(Data records)
(* Let $k,h\ge1$ and let $G=\vartheta_{B_k}^{\mathcal B,h}$ be a $k$-molecule. Then (1) the connectivity of $G$ is $k$; (2) $B_k$ is an edge cover set of $G$ of minimum cardinality, so $\mathrm{Cycl}(G)=k$; and (3) $\mathrm{Ent}(G)=k$.
   Context: Graphs are finite and undirected. A graph is $k$-connected if one must remove at least $k$ vertices to disconnect it; the connectivity is the largest such $k$ (by convention the complete graph $K_m$, $m\ge3$, has connectivity $m-1$). $k$-molecule: for $k,h\ge1$, $B_k=\{b_1,\dots,b_k\}$ and a set $\mathcal B$ of edges among vertices of $B_k$, $\vartheta_{B_k}^{\mathcal B,h}$ is the graph with vertex set $B_k\cup\{v_1,\dots,v_h\}$ and edge set $\mathcal B\cup\{v_ib_j:1\le i\le h,1\le j\le k\}$, where it is required that $h\ge k-k'$, $k'$ being the connectivity of the subgraph induced by $B_k$. An edge cover set of $G$ is a set $X\subseteq V_G$ containing at least one endpoint of every edge (i.e. a vertex cover). $\mathrm{Cycl}(G)$ (cyclicity) is the minimum size of a feedback vertex set of the symmetric digraph of $G$ (each edge viewed as two opposite arcs, so each edge forms a directed 2-cycle), which equals the minimum size of an edge cover set. Entanglement: in the game $\mathrm{Ent}(G,k)$ Thief plays against $k$ cops. Initially no cop is placed and Thief picks a vertex. Each round, Cops may do nothing, place a new cop (at most $k$ in total) on Thief's current vertex, or move a placed cop to Thief's current vertex; then Thief must move along an edge to an adjacent vertex not occupied by a cop, and is caught if he cannot. Infinite plays are won by Thief. $\mathrm{Ent}(G)$ is the least $k$ for which Cops have a winning strategy. *)

theory Defs
  imports Main
begin
lemma cnj_omega_pow: "cnj (omega i ^ j) = omega i ^ ((5 ^ i - 1) * j)"
proof -
  have "omega i ^ j * omega i ^ ((5 ^ i - 1) * j) = 1"
    by (simp add: power_add[symmetric] algebra_simps omega_pow_eq_1_iff)
  moreover have "omega i ^ j * cnj (omega i ^ j) = 1"
    by (metis complex_norm_square norm_omega norm_power of_real_1 power_one)
  ultimately show ?thesis
    by (metis mult.left_commute mult.right_neutral mult_1)
qed

lemma root_of_unity_eq_omega_pow:
  assumes "z ^ (5 ^ i) = 1"
  obtains k where "z = omega i ^ k"
proof -
  have "z \<in> {z. z ^ (5 ^ i) = 1}" using assms by simp
  also have "\<dots> = {exp (2 * complex_of_real pi * \<i> * of_nat k / of_nat (5 ^ i)) | k. k < 5 ^ i}"
    by (rule complex_roots_unity) simp
  finally show ?thesis using that unfolding omega_pow by blast
qed

section \<open>Congruences modulo (5, (X - 1)^k)\<close>

lemma pcompose_power_left: "pcompose (p ^ k) r = pcompose p r ^ k"
  by (induction k) (simp_all add: pcompose_mult pcompose_1)

lemma coeff_mult_1: "coeff (A * B) 1 = coeff A 0 * coeff B 1 + coeff A 1 * coeff B 0"
  for A B :: "'a::comm_semiring_1 poly"
  by (simp add: coeff_mult)

lemma coeff_mult_2:
  "coeff (A * B) 2 = coeff A 0 * coeff B 2 + coeff A 1 * coeff B 1 + coeff A 2 * coeff B 0"
  for A B :: "'a::comm_semiring_1 poly"
  by (simp add: coeff_mult numeral_2_eq_2)

lemma coeff_power_1: "coeff (P ^ Suc n) 1 = of_nat (Suc n) * coeff P 0 ^ n * coeff P 1"
  for P :: "'a::comm_semiring_1 poly"
proof (induction n)
  case (Suc n)
  have "coeff (P ^ Suc (Suc n)) 1 = coeff P 0 * coeff (P ^ Suc n) 1 + coeff P 1 * coeff (P ^ Suc n) 0"
    by (simp only: power_Suc[of P "Suc n"] coeff_mult_1)
  also have "\<dots> = of_nat (Suc (Suc n)) * coeff P 0 ^ Suc n * coeff P 1"
    by (simp only: Suc.IH coeff_0_power) (simp add: algebra_simps)
  finally show ?case .
qed simp

lemma coeff_linear_power_1: "coeff ([:1, 1::int:] ^ n) (Suc 0) = int n"
  by (induction n) (simp_all add: coeff_mult_1 coeff_0_power)

lemma dvd_power_diff: "d dvd a - b \<Longrightarrow> d dvd a ^ n - b ^ n" for a b d :: "'a::comm_ring_1"
  by (simp add: power_diff_sumr2 dvd_mult2)

lemma const_poly_dvd_one_plus_power_prime:
  fixes y :: "int poly"
  assumes p: "prime p"
  shows "[:int p:] dvd (1 + y) ^ p - (1 + y ^ p)"
proof -
  have "0 < p" using p by (simp add: prime_gt_0_nat)
  then have split: "{..p} = insert 0 (insert p {1..<p})" by auto
  have "(1 + y) ^ p = (\<Sum>k\<le>p. of_nat (p choose k) * y ^ k)"
    using binomial_ring[of y 1 p] by (simp add: add.commute)
  also have "\<dots> = 1 + y ^ p + (\<Sum>k\<in>{1..<p}. smult (int (p choose k)) (y ^ k))"
    unfolding split using \<open>0 < p\<close> by (simp add: of_nat_poly)
  finally have eq: "(1 + y) ^ p - (1 + y ^ p) = (\<Sum>k\<in>{1..<p}. smult (int (p choose k)) (y ^ k))"
    by simp
  have "[:int p:] dvd smult (int (p choose k)) (y ^ k)" if "k \<in> {1..<p}" for k
  proof -
    have "p dvd p choose k" using that p by (simp add: dvd_choose_prime)
    then show ?thesis by (simp add: const_poly_dvd_iff dvd_mult2)
  qed
  then show ?thesis unfolding eq by (rule dvd_sum)
qed

lemma const_poly_dvd_frobenius:
  assumes "prime p"
  shows "[:int p:] dvd [:1, 1:] ^ (p ^ a) - (1 + monom 1 (p ^ a))"
proof (induction a)
  case 0
  show ?case by (simp add: monom_altdef one_pCons)
next
  case (Suc a)
  have "[:int p:] dvd ([:1, 1:] ^ p ^ a) ^ p - (1 + monom 1 (p ^ a)) ^ p"
    using Suc by (rule dvd_power_diff)
  moreover have "[:int p:] dvd (1 + monom 1 (p ^ a)) ^ p - (1 + monom 1 (p ^ a) ^ p)"
    using assms by (rule const_poly_dvd_one_plus_power_prime)
  ultimately have "[:int p:] dvd ([:1, 1:] ^ p ^ a) ^ p - (1 + monom 1 (p ^ a) ^ p)"
    by (metis dvd_add diff_add_cancel add_diff_eq)
  then show ?case by (simp add: power_mult[symmetric] monom_altdef mult.commute)
qed

lemma const_poly_dvd_mult_monom_iff: "[:c:] dvd p * monom 1 m \<longleftrightarrow> [:c:] dvd p"
  for c :: int
proof -
  have "coeff (p * monom 1 m) j = (if j < m then 0 else coeff p (j - m))" for j
    by (metis coeff_monom_mult mult.commute mult_1)
  then show ?thesis
    unfolding const_poly_dvd_iff by (metis add_diff_cancel_right' dvd_0_right not_add_less2)
qed

definition low_coeffs_dvd :: "int \<Rightarrow> nat \<Rightarrow> int poly \<Rightarrow> bool" where
  "low_coeffs_dvd d k A \<longleftrightarrow> (\<forall>j<k. d dvd coeff A j)"

lemma low_coeffs_dvd_0 [simp]: "low_coeffs_dvd d k 0"
  by (simp add: low_coeffs_dvd_def)

lemma low_coeffs_dvd_add:
  "low_coeffs_dvd d k A \<Longrightarrow> low_coeffs_dvd d k B \<Longrightarrow> low_coeffs_dvd d k (A + B)"
  by (simp add: low_coeffs_dvd_def)

lemma low_coeffs_dvd_diff:
  "low_coeffs_dvd d k A \<Longrightarrow> low_coeffs_dvd d k B \<Longrightarrow> low_coeffs_dvd d k (A - B)"
  by (simp add: low_coeffs_dvd_def)

lemma low_coeffs_dvd_minus_iff [simp]: "low_coeffs_dvd d k (- A) \<longleftrightarrow> low_coeffs_dvd d k A"
  by (simp add: low_coeffs_dvd_def)

lemma low_coeffs_dvd_smult: "low_coeffs_dvd d k A \<Longrightarrow> low_coeffs_dvd d k (smult c A)"
  by (simp add: low_coeffs_dvd_def)

lemma low_coeffs_dvd_mult_right: "low_coeffs_dvd d k A \<Longrightarrow> low_coeffs_dvd d k (A * B)"
  unfolding low_coeffs_dvd_def coeff_mult by (auto intro!: dvd_sum)

lemma low_coeffs_dvd_mult_left: "low_coeffs_dvd d k B \<Longrightarrow> low_coeffs_dvd d k (A * B)"
  using low_coeffs_dvd_mult_right[of d k B A] by (simp add: mult.commute)

lemma low_coeffs_dvd_power_diff:
  "low_coeffs_dvd d k (A - B) \<Longrightarrow> low_coeffs_dvd d k (A ^ n - B ^ n)"
  by (simp add: power_diff_sumr2 low_coeffs_dvd_mult_right)

lemma low_coeffs_dvd_mono: "low_coeffs_dvd d k A \<Longrightarrow> k' \<le> k \<Longrightarrow> low_coeffs_dvd d k' A"
  by (simp add: low_coeffs_dvd_def)

lemma low_coeffs_dvd_3_iff:
  "low_coeffs_dvd d 3 A \<longleftrightarrow> d dvd coeff A 0 \<and> d dvd coeff A 1 \<and> d dvd coeff A 2"
  unfolding low_coeffs_dvd_def numeral_3_eq_3 numeral_2_eq_2 by (auto simp: less_Suc_eq)

lemma low_coeffs_dvd_if_const_poly_dvd: "[:d:] dvd A \<Longrightarrow> low_coeffs_dvd d k A"
  by (simp add: low_coeffs_dvd_def const_poly_dvd_iff)

lemma low_coeffs_dvd_monom: "k \<le> n \<Longrightarrow> low_coeffs_dvd d k (monom c n)"
  by (simp add: low_coeffs_dvd_def coeff_monom)

lemma low_coeffs_dvd_pcompose:
  "low_coeffs_dvd d k A \<Longrightarrow> coeff H 0 = 0 \<Longrightarrow> low_coeffs_dvd d k (pcompose A H)"
proof (induction A arbitrary: k)
  case (pCons a A)
  show ?case
  proof (cases k)
    case (Suc k')
    from pCons.prems obtain H' where H: "H = pCons 0 H'" by (cases H) auto
    have "d dvd a" "low_coeffs_dvd d k' A"
      using pCons.prems(1) Suc by (auto simp: low_coeffs_dvd_def dest: spec[of _ 0] spec[of _ "Suc _"])
    then have "low_coeffs_dvd d k' (H' * pcompose A H)"
      using pCons.IH pCons.prems(2) by (simp add: low_coeffs_dvd_mult_left)
    with \<open>d dvd a\<close> show ?thesis
      using Suc H by (auto simp: pcompose_pCons low_coeffs_dvd_def coeff_pCons less_Suc_eq_0_disj)
  qed (simp add: low_coeffs_dvd_def)
qed simp

lemma low_coeffs_dvd_imp_decomp:
  assumes "low_coeffs_dvd d k T"
  obtains C S where "T = smult d C + monom 1 k * S"
proof
  define C where "C = map_poly (\<lambda>a. a div d) (poly_cutoff k T)"
  have "poly_cutoff k T = smult d C"
    using assms by (intro poly_eqI) (simp add: C_def coeff_map_poly coeff_poly_cutoff low_coeffs_dvd_def)
  moreover have "T = poly_cutoff k T + monom 1 k * poly_shift k T"
    by (rule poly_eqI) (simp add: coeff_poly_cutoff coeff_poly_shift coeff_monom_mult)
  ultimately show "T = smult d C + monom 1 k * poly_shift k T" by simp
qed
lemma v'_nonpos:
  assumes "r > 0"
  shows "v' r \<le> 0"
proof (rule ccontr)
  assume "\<not> v' r \<le> 0"
  moreover have "(v has_real_derivative v' r) (at r)"
    using has_real_derivative_at_if_within_nonneg[OF assms v_deriv] assms by simp
  ultimately obtain d where "d > 0" "\<And>h. h > 0 \<Longrightarrow> h < d \<Longrightarrow> v r < v (r + h)"
    using DERIV_pos_inc_right by (metis not_le)
  hence "v r < v (r + d/2)" by simp
  moreover have "v (r + d/2) < v r" using v_decreasing[of r "r + d/2"] assms \<open>d > 0\<close> by simp
  ultimately show False by simp
qed

lemma has_derivative_position:
  "t \<ge> 0 \<Longrightarrow> i \<le> N \<Longrightarrow> (X i has_real_derivative velocity i t) (at t within {0..})"
  using follower_deriv leader_deriv by (cases "i = N") (auto simp: velocity_def dens_def gap_def)

lemma has_derivative_gap:
  "t \<ge> 0 \<Longrightarrow> i < N \<Longrightarrow>
    (gap i has_real_derivative velocity (Suc i) t - velocity i t) (at t within {0..})"
  unfolding gap_def[abs_def] by (intro DERIV_diff has_derivative_position) auto

lemma has_derivative_velocity:
  assumes "t \<ge> 0" "i \<le> N"
  shows "(velocity i has_real_derivative velocity_deriv i t) (at t within {0..})"
proof (cases "i = N")
  case True
  hence "velocity i = (\<lambda>_. vmax)" by (auto simp: velocity_def)
  thus ?thesis using True by (simp add: velocity_deriv_def)
next
  case False
  hence i: "i < N" using assms by simp
  have "((\<lambda>t. ell / gap i t) has_real_derivative
      (0 * gap i t - ell * (velocity (Suc i) t - velocity i t)) / (gap i t * gap i t)) (at t within {0..})"
    by (rule DERIV_divide[OF DERIV_const has_derivative_gap[OF assms(1) i]])
      (use gap_pos[OF assms(1) i] in simp)
  moreover have "(v has_real_derivative v' (ell / gap i t)) (at (ell / gap i t))"
    using has_real_derivative_at_if_within_nonneg v_deriv dens_pos[OF assms(1) i]
    by (simp add: dens_def)
  ultimately have "((\<lambda>t. v (ell / gap i t)) has_real_derivative
      v' (ell / gap i t) * ((0 * gap i t - ell * (velocity (Suc i) t - velocity i t)) / (gap i t * gap i t)))
      (at t within {0..})"
    by (rule DERIV_chain2[rotated])
  moreover have "velocity i = (\<lambda>t. v (ell / gap i t))" using i by (auto simp: velocity_def dens_def)
  moreover have "v' (ell / gap i t) * ((0 * gap i t - ell * (velocity (Suc i) t - velocity i t))
      / (gap i t * gap i t)) = velocity_deriv i t"
    using i gap_pos[OF assms(1) i] by (simp add: velocity_deriv_def slope_def dens_def field_simps)
  ultimately show ?thesis by simp
qed
lemma index_Q_d_Vp:
  assumes "j < 4" "k < 4"
  shows "Q_d a \<mu> \<sigma>2 (Vp p) $$ (j,k) =
    (if j < 2 then if k < 2 then (1 - \<mu>*\<sigma>2) * (if j = k then (1+a)/2 else (1-a)/2)
                  else -2 * (if j = k - 2 then p else -p)
     else if k < 2 then (1 - \<mu>*\<sigma>2) * (if j - 2 = k then p*a else -(p*a))
     else (if j = k then (1+a)/2 else (1-a)/2))"
proof -
  have A: "Abar a \<in> carrier_mat 2 2" "(1 - \<mu> * \<sigma>2) \<cdot>\<^sub>m Abar a \<in> carrier_mat 2 2"
    "Vp p * Abar a \<in> carrier_mat 2 2" using Abar_carrier[of a] Vp_carrier[of p] by auto
  then have "Q_d a \<mu> \<sigma>2 (Vp p) $$ (j,k) = (if j < 2 then
      if k < 2 then ((1 - \<mu> * \<sigma>2) \<cdot>\<^sub>m Abar a) $$ (j,k) else ((-2) \<cdot>\<^sub>m Vp p) $$ (j,k - 2)
      else if k < 2 then ((1 - \<mu> * \<sigma>2) \<cdot>\<^sub>m (Vp p * Abar a)) $$ (j - 2, k) else Abar a $$ (j - 2, k - 2))"
    using assms unfolding Q_d_def by (subst index_mat_four_block(1)) auto
  then show ?thesis
    using assms A[THEN carrier_matD(1)] A[THEN carrier_matD(2)] Vp_carrier[of p]
    by (auto simp: index_Abar index_Vp index_Vp_mult_Abar simp del: index_mult_mat)
qed

lemma E_d_carrier: "E_d a \<mu> \<sigma>2 \<in> carrier_mat 3 3"
  unfolding E_d_def by (rule mat_of_rows_list_carrier) simp

lemma index_mult_mat_vec_3:
  fixes A :: "'a::comm_ring_1 mat"
  assumes "A \<in> carrier_mat 3 3" "v \<in> carrier_vec 3" "i < 3"
  shows "(A *\<^sub>v v) $ i = A$$(i,0)*v$0 + A$$(i,1)*v$1 + A$$(i,2)*v$2"
  using assms by (simp add: scalar_prod_def numeral_3_eq_3 numeral_2_eq_2 atLeast0_lessThan_Suc)

lemma E_d_eigenvector_equations:
  fixes a \<mu> \<sigma>2 :: real and v :: "complex vec" and ev :: complex
  defines "c \<equiv> 1 - \<mu> * \<sigma>2"
  assumes v: "v \<in> carrier_vec 3"
    and eig: "map_mat complex_of_real (E_d a \<mu> \<sigma>2) *\<^sub>v v = ev \<cdot>\<^sub>v v"
  shows "of_real c * v$0 = ev * v$0"
    and "of_real (c * a) * v$1 - of_real (sqrt (2 - 2*a)) * v$2 = ev * v$1"
    and "of_real (c * a * sqrt ((1 - a)/2)) * v$1 + of_real a * v$2 = ev * v$2"
proof -
  define E where "E = map_mat complex_of_real (E_d a \<mu> \<sigma>2)"
  have E: "E \<in> carrier_mat 3 3" unfolding E_def using E_d_carrier by simp
  have "E $$ (i,j) = of_real (E_d a \<mu> \<sigma>2 $$ (i,j))" if "i < 3" "j < 3" for i j
    unfolding E_def using E_d_carrier[of a \<mu> \<sigma>2] that by simp
  then have "ev * v$i = E$$(i,0)*v$0 + E$$(i,1)*v$1 + E$$(i,2)*v$2" if "i < 3" for i
    using eig index_mult_mat_vec_3[OF E v that] v that unfolding E_def[symmetric] by auto
  note row = this[of 0] this[of 1] this[of 2]
  show "of_real c * v$0 = ev * v$0"
    and "of_real (c * a) * v$1 - of_real (sqrt (2 - 2*a)) * v$2 = ev * v$1"
    and "of_real (c * a * sqrt ((1 - a)/2)) * v$1 + of_real a * v$2 = ev * v$2"
    using row by (auto simp: E_def c_def E_d_def mat_of_rows_list_def)
qed
(* Let $\Bbbk$ be a field with $\mathrm{char}(\Bbbk)\ne2$, $n\ge2$, $\mathbb{H}_{2^n}$ the Nichols Hopf algebra and $A$ a unital associative $\Bbbk$-algebra. Let $\cdot:\mathbb{H}_{2^n}\otimes A\to A$ be a linear map such that $1\cdot a=a$ and $g\cdot a=0$ for all $a\in A$, $x_i\cdot1_A\in Z(A)$ for all $i\in\{1,\dots,n-1\}$, and for all $a\in A$: $gx_i\cdot a=x_i\cdot a=(x_i\cdot1_A)a$ for $i\in\{1,\dots,n-1\}$, and $gx_{i_1}\cdots x_{i_s}\cdot a=x_{i_1}\cdots x_{i_s}\cdot a=0$ for all $s\ge2$, $i_1,\dots,i_s\in\{1,\dots,n-1\}$. Then $\cdot$ is a partial action of $\mathbb{H}_{2^n}$ on $A$.
   Context: $\mathbb{H}_{2^n}$ is the Hopf algebra generated by $g,x_1,\dots,x_{n-1}$ with relations $g^2=1$, $x_i^2=0$, $x_ig=-gx_i$, $x_ix_j=-x_jx_i$, basis $\{g^{j_0}x_1^{j_1}\cdots x_{n-1}^{j_{n-1}}:j_i\in\{0,1\}\}$, $g$ group-like, $\Delta(x_i)=x_i\otimes1+g\otimes x_i$, $\varepsilon(x_i)=0$. $Z(A)$ is the center of $A$. A partial action of a bialgebra $H$ on $A$ is a linear map $\cdot:H\otimes A\to A$ with $1_H\cdot a=a$, $h\cdot(ab)=(h_1\cdot a)(h_2\cdot b)$, $h\cdot(k\cdot a)=(h_1\cdot1_A)(h_2k\cdot a)$. *)

theory Defs
  imports Main
begin

definition is_algebra :: "('k::field \<Rightarrow> 'a::ring_1 \<Rightarrow> 'a) \<Rightarrow> bool" where
  "is_algebra scale \<longleftrightarrow>
     (\<forall>c x y. scale c (x + y) = scale c x + scale c y) \<and>
     (\<forall>c d x. scale (c + d) x = scale c x + scale d x) \<and>
     (\<forall>c d x. scale c (scale d x) = scale (c * d) x) \<and>
     (\<forall>x. scale 1 x = x) \<and>
     (\<forall>c x y. scale c (x * y) = scale c x * y) \<and>
     (\<forall>c x y. scale c (x * y) = x * scale c y)"

text \<open>Basis of the Nichols Hopf algebra H_{2^n}: the pair (b, S) stands for
  g^b x_{i_1} ... x_{i_s} with S = {i_1 < ... < i_s} a subset of {1..n-1}.\<close>

type_synonym hbasis = "bool \<times> nat set"

definition Hbasis :: "nat \<Rightarrow> hbasis set" where
  "Hbasis n = {(b, S). S \<subseteq> {1..<n}}"

definition Hspace :: "nat \<Rightarrow> (hbasis \<Rightarrow> 'k::field) set" where
  "Hspace n = {h. \<forall>r. r \<notin> Hbasis n \<longrightarrow> h r = 0}"

definition He :: "hbasis \<Rightarrow> hbasis \<Rightarrow> 'k::field" where
  "He p = (\<lambda>r. if r = p then 1 else 0)"

text \<open>Structure constants: (g^b x_S)(g^c x_T) = (-1)^(c|S|) g^(b+c) x_S x_T, and
  x_S x_T = 0 if S, T intersect, else (-1)^(#{(s,t) in S x T. t < s}) x_(S \<union> T).\<close>

definition Hcoef :: "hbasis \<Rightarrow> hbasis \<Rightarrow> hbasis \<Rightarrow> 'k::field" where
  "Hcoef p q r = (case p of (b, S) \<Rightarrow> case q of (c, T) \<Rightarrow>
     if S \<inter> T = {} \<and> r = (b \<noteq> c, S \<union> T)
     then (-1) ^ (of_bool c * card S + card {(s, t). s \<in> S \<and> t \<in> T \<and> t < s})
     else 0)"

definition Hmul :: "nat \<Rightarrow> (hbasis \<Rightarrow> 'k::field) \<Rightarrow> (hbasis \<Rightarrow> 'k) \<Rightarrow> hbasis \<Rightarrow> 'k" where
  "Hmul n h k = (\<lambda>r. \<Sum>p\<in>Hbasis n. \<Sum>q\<in>Hbasis n. h p * k q * Hcoef p q r)"

definition Hone :: "hbasis \<Rightarrow> 'k::field" where "Hone = He (False, {})"
definition Hg :: "hbasis \<Rightarrow> 'k::field" where "Hg = He (True, {})"
definition Hx :: "nat \<Rightarrow> hbasis \<Rightarrow> 'k::field" where "Hx i = He (False, {i})"

definition Hprod :: "nat \<Rightarrow> (hbasis \<Rightarrow> 'k::field) list \<Rightarrow> hbasis \<Rightarrow> 'k" where
  "Hprod n hs = foldl (Hmul n) Hone hs"

text \<open>The tensor square H \<otimes> H with the tensor product algebra structure
  (a \<otimes> b)(c \<otimes> d) = ac \<otimes> bd.\<close>

definition Tmul :: "nat \<Rightarrow> (hbasis \<times> hbasis \<Rightarrow> 'k::field) \<Rightarrow> (hbasis \<times> hbasis \<Rightarrow> 'k)
    \<Rightarrow> hbasis \<times> hbasis \<Rightarrow> 'k" where
  "Tmul n u v = (\<lambda>(r1, r2). \<Sum>p1\<in>Hbasis n. \<Sum>p2\<in>Hbasis n. \<Sum>q1\<in>Hbasis n. \<Sum>q2\<in>Hbasis n.
      u (p1, p2) * v (q1, q2) * Hcoef p1 q1 r1 * Hcoef p2 q2 r2)"

definition Tpure :: "(hbasis \<Rightarrow> 'k::field) \<Rightarrow> (hbasis \<Rightarrow> 'k) \<Rightarrow> hbasis \<times> hbasis \<Rightarrow> 'k" where
  "Tpure h k = (\<lambda>(p, q). h p * k q)"

definition Tplus :: "(hbasis \<times> hbasis \<Rightarrow> 'k::field) \<Rightarrow> (hbasis \<times> hbasis \<Rightarrow> 'k) \<Rightarrow> hbasis \<times> hbasis \<Rightarrow> 'k" where
  "Tplus u v = (\<lambda>r. u r + v r)"

text \<open>Comultiplication: Delta(g) = g \<otimes> g, Delta(x_i) = x_i \<otimes> 1 + g \<otimes> x_i,
  extended multiplicatively: Delta(g^b x_{i_1}...x_{i_s}) = Delta(g)^b Delta(x_{i_1})...Delta(x_{i_s}),
  then linearly.\<close>

definition Delta_basis :: "nat \<Rightarrow> hbasis \<Rightarrow> hbasis \<times> hbasis \<Rightarrow> 'k::field" where
  "Delta_basis n p = (case p of (b, S) \<Rightarrow>
     foldl (Tmul n) (if b then Tpure Hg Hg else Tpure Hone Hone)
       (map (\<lambda>i. Tplus (Tpure (Hx i) Hone) (Tpure Hg (Hx i))) (sorted_list_of_set S)))"

definition Delta :: "nat \<Rightarrow> (hbasis \<Rightarrow> 'k::field) \<Rightarrow> hbasis \<times> hbasis \<Rightarrow> 'k" where
  "Delta n h = (\<lambda>pq. \<Sum>p\<in>Hbasis n. h p * Delta_basis n p pq)"

text \<open>A linear map H \<otimes> A \<rightarrow> A is given by linear maps phi p : A \<rightarrow> A on basis elements p;
  act n scale phi h a is its value on h \<otimes> a.\<close>

definition act :: "nat \<Rightarrow> ('k::field \<Rightarrow> 'a::ring_1 \<Rightarrow> 'a) \<Rightarrow> (hbasis \<Rightarrow> 'a \<Rightarrow> 'a)
    \<Rightarrow> (hbasis \<Rightarrow> 'k) \<Rightarrow> 'a \<Rightarrow> 'a" where
  "act n scale phi h a = (\<Sum>p\<in>Hbasis n. scale (h p) (phi p a))"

PROMPT — Working from the records above, write out verbatim only the lines from the line containing "0\<close> by simp" through the line containing "unfolding gap_def[abs_def] by".

YOUR SOLUTION —
  moreover have "v (r + d/2) < v r" using v_decreasing[of r "r + d/2"] assms \<open>d > 0\<close> by simp
  ultimately show False by simp
qed

lemma has_derivative_position:
  "t \<ge> 0 \<Longrightarrow> i \<le> N \<Longrightarrow> (X i has_real_derivative velocity i t) (at t within {0..})"
  using follower_deriv leader_deriv by (cases "i = N") (auto simp: velocity_def dens_def gap_def)

lemma has_derivative_gap:
  "t \<ge> 0 \<Longrightarrow> i < N \<Longrightarrow>
    (gap i has_real_derivative velocity (Suc i) t - velocity i t) (at t within {0..})"
  unfolding gap_def[abs_def] by (intro DERIV_diff has_derivative_position) auto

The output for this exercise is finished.